Description of the task:
Produce as output only the lines below starting at the line with "using that assms(2) by" and continuing through the line with "then show False", each one exactly as written.

------

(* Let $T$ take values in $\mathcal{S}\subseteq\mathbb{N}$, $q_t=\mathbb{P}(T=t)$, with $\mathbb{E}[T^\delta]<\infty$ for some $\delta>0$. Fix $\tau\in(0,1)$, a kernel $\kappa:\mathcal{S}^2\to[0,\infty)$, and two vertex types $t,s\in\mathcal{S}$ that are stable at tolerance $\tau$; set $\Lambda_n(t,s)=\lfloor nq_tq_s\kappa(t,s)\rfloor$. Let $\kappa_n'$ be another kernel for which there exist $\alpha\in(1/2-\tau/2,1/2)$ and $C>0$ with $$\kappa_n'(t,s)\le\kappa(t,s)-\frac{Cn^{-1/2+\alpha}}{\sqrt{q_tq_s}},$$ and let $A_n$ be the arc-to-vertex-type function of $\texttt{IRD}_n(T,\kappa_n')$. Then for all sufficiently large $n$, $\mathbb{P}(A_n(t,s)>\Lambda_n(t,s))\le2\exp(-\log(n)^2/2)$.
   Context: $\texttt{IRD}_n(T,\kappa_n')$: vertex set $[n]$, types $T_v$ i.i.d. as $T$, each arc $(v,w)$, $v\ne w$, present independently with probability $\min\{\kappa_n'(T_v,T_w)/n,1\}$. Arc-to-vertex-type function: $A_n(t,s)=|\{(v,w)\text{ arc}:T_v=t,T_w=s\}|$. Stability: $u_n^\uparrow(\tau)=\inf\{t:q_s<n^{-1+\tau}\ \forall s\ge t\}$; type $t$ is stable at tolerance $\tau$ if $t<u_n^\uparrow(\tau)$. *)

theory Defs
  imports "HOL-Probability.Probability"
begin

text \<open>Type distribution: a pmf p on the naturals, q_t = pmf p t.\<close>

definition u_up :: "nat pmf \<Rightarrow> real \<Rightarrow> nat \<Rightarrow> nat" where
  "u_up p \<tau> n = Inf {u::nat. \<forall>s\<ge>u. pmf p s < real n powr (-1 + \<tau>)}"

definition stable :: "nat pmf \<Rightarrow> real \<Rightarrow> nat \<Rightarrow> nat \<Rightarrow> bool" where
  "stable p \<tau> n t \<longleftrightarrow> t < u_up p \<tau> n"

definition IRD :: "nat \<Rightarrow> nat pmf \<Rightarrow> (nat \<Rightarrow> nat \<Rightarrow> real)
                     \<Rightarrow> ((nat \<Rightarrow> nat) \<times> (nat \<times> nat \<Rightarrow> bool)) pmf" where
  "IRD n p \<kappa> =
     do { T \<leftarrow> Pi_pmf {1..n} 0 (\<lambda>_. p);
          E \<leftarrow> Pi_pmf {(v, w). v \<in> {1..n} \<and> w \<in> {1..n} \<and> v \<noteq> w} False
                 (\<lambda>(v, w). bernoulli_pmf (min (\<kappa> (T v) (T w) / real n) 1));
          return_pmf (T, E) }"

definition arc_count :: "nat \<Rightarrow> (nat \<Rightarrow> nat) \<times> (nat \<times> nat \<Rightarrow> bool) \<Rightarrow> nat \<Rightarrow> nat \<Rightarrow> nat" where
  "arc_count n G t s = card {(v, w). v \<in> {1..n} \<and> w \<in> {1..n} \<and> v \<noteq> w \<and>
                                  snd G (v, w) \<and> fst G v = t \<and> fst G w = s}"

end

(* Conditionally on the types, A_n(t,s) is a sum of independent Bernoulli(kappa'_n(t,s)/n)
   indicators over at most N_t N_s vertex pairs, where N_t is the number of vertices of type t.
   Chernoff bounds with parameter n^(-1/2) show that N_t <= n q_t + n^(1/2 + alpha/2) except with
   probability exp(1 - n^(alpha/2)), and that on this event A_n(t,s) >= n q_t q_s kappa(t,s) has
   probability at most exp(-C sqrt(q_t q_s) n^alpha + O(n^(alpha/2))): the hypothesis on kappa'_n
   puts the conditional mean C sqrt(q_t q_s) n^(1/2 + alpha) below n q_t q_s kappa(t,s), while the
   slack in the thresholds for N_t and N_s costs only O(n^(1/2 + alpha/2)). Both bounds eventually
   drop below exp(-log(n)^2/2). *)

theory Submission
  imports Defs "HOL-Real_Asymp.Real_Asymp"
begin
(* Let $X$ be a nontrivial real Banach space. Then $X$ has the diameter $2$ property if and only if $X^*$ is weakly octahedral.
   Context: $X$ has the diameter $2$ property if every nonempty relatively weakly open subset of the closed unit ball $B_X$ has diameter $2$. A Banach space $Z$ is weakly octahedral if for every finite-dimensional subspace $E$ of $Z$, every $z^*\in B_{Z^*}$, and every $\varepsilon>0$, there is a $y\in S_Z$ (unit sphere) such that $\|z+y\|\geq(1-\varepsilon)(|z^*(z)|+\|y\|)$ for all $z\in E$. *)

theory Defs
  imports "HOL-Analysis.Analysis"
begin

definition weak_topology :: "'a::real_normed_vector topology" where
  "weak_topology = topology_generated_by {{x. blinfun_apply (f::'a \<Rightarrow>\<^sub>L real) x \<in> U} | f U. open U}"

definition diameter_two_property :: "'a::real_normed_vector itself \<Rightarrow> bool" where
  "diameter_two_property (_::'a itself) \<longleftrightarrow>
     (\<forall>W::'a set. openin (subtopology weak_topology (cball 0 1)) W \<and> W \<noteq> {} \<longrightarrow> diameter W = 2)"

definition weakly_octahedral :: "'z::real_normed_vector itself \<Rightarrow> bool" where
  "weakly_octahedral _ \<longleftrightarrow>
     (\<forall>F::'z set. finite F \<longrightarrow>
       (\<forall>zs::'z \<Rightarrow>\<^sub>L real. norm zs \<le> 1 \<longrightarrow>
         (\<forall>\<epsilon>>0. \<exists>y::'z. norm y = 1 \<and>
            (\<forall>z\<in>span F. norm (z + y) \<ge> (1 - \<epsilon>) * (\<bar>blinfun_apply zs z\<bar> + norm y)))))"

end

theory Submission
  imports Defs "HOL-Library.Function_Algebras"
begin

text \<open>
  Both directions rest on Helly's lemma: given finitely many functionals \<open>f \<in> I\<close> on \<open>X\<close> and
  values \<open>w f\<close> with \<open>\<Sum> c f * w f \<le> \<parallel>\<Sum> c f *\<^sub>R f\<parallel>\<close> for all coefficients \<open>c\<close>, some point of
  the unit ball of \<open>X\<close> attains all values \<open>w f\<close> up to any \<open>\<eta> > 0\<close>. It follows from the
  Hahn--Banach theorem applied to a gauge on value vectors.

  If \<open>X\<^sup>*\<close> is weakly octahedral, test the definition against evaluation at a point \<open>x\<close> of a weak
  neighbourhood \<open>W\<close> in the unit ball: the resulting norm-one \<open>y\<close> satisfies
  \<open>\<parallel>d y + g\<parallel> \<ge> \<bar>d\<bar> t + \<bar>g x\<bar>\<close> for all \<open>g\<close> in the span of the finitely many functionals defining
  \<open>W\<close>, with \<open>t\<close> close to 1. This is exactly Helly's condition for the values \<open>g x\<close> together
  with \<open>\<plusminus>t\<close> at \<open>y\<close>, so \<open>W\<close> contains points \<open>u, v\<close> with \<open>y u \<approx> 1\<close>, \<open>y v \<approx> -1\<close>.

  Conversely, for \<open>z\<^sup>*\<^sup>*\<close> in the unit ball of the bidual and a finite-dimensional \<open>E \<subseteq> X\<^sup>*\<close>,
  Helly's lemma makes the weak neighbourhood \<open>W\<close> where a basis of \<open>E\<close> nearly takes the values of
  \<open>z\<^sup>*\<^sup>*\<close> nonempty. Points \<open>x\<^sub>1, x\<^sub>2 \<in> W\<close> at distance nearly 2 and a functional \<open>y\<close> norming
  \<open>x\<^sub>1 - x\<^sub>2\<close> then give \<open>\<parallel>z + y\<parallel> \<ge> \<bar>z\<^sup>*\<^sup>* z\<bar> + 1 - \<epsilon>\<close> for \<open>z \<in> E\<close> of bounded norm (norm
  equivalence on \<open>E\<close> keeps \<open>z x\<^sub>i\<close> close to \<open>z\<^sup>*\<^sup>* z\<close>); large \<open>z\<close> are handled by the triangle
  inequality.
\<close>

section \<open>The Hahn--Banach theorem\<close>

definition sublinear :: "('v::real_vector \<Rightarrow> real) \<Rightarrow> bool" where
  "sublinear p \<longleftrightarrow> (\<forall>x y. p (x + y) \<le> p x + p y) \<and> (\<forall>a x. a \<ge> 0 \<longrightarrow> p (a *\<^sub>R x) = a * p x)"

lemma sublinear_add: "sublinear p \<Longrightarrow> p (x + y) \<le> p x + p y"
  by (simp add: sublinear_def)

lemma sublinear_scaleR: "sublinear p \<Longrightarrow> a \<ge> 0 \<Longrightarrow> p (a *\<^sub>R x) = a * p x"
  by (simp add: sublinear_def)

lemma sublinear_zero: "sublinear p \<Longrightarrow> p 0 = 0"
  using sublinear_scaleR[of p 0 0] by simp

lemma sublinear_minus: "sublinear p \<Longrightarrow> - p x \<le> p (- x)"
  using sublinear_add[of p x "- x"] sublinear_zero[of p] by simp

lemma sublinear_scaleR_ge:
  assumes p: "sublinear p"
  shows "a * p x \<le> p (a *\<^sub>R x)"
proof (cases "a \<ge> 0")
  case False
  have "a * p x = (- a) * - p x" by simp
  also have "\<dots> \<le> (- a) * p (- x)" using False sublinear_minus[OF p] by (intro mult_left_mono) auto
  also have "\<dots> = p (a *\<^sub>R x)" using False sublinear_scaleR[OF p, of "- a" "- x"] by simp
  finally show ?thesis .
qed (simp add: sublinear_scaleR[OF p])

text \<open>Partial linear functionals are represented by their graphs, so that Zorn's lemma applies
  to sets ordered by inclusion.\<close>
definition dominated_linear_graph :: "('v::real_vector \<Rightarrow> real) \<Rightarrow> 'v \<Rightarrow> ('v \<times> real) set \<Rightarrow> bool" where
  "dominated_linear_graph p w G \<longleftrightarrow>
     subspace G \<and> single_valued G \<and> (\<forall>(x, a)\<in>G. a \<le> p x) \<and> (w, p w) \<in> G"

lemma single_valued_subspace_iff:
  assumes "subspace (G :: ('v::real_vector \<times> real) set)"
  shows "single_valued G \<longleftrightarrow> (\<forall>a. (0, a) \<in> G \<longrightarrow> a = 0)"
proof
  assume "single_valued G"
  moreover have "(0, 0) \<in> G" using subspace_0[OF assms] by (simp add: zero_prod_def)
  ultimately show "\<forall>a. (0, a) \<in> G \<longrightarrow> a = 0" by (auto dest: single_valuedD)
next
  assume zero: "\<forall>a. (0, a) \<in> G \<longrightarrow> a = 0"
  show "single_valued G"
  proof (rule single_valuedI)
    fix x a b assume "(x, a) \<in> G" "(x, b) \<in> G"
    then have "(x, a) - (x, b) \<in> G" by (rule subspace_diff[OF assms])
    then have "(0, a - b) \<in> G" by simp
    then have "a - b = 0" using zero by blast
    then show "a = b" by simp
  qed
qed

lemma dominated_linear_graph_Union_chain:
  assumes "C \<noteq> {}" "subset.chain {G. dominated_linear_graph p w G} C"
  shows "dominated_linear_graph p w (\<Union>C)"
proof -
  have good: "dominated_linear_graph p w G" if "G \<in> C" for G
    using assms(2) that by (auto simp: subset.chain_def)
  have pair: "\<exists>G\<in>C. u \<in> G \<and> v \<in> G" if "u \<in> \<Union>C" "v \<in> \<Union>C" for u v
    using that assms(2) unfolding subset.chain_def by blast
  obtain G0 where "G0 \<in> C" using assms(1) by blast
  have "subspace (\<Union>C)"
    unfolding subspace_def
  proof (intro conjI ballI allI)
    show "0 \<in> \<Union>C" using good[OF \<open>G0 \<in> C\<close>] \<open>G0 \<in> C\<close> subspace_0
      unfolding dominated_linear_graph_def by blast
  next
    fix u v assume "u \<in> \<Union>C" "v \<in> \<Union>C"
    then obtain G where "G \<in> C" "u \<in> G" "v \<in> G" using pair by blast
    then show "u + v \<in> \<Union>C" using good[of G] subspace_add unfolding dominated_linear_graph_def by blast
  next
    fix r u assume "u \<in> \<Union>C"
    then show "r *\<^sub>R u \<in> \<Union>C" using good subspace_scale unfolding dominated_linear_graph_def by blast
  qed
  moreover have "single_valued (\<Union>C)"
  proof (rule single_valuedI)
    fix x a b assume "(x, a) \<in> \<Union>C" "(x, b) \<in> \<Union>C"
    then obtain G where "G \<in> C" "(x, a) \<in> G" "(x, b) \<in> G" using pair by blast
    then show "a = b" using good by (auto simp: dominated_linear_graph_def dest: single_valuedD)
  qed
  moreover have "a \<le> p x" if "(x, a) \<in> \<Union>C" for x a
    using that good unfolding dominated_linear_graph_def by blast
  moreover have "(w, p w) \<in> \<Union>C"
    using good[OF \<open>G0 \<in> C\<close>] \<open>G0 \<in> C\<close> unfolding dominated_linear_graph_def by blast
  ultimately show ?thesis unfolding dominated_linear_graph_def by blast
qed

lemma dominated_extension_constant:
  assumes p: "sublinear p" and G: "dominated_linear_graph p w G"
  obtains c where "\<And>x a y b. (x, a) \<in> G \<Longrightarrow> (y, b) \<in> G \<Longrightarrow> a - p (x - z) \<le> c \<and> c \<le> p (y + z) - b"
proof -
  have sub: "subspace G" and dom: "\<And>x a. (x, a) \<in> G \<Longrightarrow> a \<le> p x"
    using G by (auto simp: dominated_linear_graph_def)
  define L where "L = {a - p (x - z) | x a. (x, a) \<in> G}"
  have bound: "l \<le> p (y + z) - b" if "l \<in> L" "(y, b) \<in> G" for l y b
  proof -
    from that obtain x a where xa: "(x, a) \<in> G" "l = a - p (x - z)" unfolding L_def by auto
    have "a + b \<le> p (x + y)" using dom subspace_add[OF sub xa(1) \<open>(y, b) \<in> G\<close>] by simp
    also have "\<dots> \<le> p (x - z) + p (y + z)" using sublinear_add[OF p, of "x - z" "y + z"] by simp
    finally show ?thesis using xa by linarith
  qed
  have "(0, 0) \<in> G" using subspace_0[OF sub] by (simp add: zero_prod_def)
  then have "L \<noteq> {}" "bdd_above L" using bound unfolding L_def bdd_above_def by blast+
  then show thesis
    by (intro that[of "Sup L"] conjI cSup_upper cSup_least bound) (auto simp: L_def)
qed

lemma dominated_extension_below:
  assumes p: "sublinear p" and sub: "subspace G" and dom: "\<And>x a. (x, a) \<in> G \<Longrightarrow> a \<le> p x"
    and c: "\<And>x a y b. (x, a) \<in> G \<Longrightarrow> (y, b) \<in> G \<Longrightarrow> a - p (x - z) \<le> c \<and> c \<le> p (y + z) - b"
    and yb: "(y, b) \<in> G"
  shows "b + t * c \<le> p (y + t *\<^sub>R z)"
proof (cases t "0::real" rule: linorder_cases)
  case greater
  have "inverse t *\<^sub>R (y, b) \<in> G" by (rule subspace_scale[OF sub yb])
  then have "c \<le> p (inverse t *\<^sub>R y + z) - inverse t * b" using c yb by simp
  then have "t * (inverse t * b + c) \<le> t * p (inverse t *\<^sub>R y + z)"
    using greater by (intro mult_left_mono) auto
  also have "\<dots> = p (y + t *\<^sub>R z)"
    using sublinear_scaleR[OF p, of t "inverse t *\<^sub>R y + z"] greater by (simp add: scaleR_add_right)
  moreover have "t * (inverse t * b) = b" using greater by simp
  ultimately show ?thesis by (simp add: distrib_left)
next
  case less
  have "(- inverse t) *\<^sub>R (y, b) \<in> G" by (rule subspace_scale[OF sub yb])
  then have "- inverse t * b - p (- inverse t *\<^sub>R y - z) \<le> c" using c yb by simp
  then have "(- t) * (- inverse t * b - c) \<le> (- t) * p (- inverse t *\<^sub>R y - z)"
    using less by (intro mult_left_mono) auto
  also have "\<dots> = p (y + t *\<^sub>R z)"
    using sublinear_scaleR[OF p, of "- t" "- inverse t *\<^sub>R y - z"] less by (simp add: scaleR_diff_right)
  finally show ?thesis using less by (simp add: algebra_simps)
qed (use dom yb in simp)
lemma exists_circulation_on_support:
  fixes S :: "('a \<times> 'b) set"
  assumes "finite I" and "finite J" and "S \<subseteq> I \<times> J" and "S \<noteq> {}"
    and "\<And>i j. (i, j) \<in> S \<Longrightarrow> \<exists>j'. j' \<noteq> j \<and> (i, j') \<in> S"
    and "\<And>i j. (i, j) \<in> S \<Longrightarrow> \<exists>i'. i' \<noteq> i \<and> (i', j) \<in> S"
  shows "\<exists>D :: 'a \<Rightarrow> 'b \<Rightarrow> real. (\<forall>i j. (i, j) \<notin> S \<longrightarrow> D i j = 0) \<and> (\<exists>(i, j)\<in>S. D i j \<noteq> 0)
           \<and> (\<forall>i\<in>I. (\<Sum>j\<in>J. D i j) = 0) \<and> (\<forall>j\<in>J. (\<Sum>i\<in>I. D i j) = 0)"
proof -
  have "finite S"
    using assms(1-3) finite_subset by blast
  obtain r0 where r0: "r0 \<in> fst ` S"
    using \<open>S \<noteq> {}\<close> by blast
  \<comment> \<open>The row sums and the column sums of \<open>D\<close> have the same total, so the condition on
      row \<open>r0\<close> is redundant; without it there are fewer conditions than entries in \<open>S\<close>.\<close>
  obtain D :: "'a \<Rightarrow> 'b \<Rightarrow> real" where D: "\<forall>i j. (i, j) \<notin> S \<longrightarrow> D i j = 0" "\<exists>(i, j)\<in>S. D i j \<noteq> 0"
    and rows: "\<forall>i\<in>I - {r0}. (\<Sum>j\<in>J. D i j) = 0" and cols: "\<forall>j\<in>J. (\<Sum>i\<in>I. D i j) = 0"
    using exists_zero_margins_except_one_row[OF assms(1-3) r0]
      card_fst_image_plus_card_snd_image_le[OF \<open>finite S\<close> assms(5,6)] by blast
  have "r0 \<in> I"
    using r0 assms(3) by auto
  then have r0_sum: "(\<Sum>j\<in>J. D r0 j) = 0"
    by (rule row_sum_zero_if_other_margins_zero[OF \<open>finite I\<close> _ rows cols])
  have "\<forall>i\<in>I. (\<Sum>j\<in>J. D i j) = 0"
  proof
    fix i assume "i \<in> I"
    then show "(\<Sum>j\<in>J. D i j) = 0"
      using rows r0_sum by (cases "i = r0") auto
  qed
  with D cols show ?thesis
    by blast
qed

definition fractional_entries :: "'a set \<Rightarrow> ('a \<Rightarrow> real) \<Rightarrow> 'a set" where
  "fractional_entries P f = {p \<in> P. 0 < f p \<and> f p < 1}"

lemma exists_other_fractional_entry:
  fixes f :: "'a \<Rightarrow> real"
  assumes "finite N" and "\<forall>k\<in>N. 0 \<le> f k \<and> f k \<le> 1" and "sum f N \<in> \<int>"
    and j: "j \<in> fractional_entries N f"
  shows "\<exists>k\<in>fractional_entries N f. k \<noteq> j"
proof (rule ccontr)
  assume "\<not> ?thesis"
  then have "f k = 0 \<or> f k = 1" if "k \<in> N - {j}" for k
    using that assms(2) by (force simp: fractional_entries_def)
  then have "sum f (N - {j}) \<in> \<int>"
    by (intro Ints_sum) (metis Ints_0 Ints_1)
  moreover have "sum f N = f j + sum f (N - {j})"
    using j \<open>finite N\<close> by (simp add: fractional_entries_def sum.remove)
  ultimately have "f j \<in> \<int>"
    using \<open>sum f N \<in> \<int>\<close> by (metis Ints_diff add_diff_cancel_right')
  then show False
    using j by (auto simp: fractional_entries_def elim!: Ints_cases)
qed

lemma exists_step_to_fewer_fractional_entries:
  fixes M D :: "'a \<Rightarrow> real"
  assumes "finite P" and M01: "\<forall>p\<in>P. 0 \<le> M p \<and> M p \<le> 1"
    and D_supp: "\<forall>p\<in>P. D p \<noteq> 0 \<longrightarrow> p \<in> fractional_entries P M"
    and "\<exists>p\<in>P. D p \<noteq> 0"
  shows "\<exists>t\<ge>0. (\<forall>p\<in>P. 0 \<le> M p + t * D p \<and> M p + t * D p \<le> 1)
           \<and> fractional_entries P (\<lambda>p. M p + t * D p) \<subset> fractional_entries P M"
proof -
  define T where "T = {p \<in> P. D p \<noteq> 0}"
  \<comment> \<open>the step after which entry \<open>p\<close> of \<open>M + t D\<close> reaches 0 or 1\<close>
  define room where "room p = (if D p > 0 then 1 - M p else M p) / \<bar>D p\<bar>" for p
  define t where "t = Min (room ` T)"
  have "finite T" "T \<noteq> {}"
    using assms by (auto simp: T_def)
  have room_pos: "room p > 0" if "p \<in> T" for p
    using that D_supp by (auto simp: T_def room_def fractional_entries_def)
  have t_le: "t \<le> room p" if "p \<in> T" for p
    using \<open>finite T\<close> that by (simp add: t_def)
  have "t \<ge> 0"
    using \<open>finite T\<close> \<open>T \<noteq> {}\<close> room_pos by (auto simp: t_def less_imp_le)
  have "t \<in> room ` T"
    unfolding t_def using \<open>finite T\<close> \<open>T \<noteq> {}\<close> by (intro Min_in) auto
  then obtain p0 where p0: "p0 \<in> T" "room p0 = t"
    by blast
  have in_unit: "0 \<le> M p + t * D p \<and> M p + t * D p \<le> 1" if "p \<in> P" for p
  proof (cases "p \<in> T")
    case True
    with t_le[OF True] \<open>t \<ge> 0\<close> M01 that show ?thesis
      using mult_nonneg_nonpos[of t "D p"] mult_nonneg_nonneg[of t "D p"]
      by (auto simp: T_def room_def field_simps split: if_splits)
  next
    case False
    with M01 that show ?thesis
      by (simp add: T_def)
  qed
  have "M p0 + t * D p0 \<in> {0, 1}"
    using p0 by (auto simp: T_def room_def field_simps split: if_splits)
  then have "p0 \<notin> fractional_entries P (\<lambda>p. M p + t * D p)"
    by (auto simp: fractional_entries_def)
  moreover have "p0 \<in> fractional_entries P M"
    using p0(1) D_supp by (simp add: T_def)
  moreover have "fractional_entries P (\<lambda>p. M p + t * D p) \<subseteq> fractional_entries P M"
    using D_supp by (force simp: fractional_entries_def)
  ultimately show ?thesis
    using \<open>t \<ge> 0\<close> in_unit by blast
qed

------

Output for this task:
    using that assms(2) by (force simp: fractional_entries_def)
  then have "sum f (N - {j}) \<in> \<int>"
    by (intro Ints_sum) (metis Ints_0 Ints_1)
  moreover have "sum f N = f j + sum f (N - {j})"
    using j \<open>finite N\<close> by (simp add: fractional_entries_def sum.remove)
  ultimately have "f j \<in> \<int>"
    using \<open>sum f N \<in> \<int>\<close> by (metis Ints_diff add_diff_cancel_right')
  then show False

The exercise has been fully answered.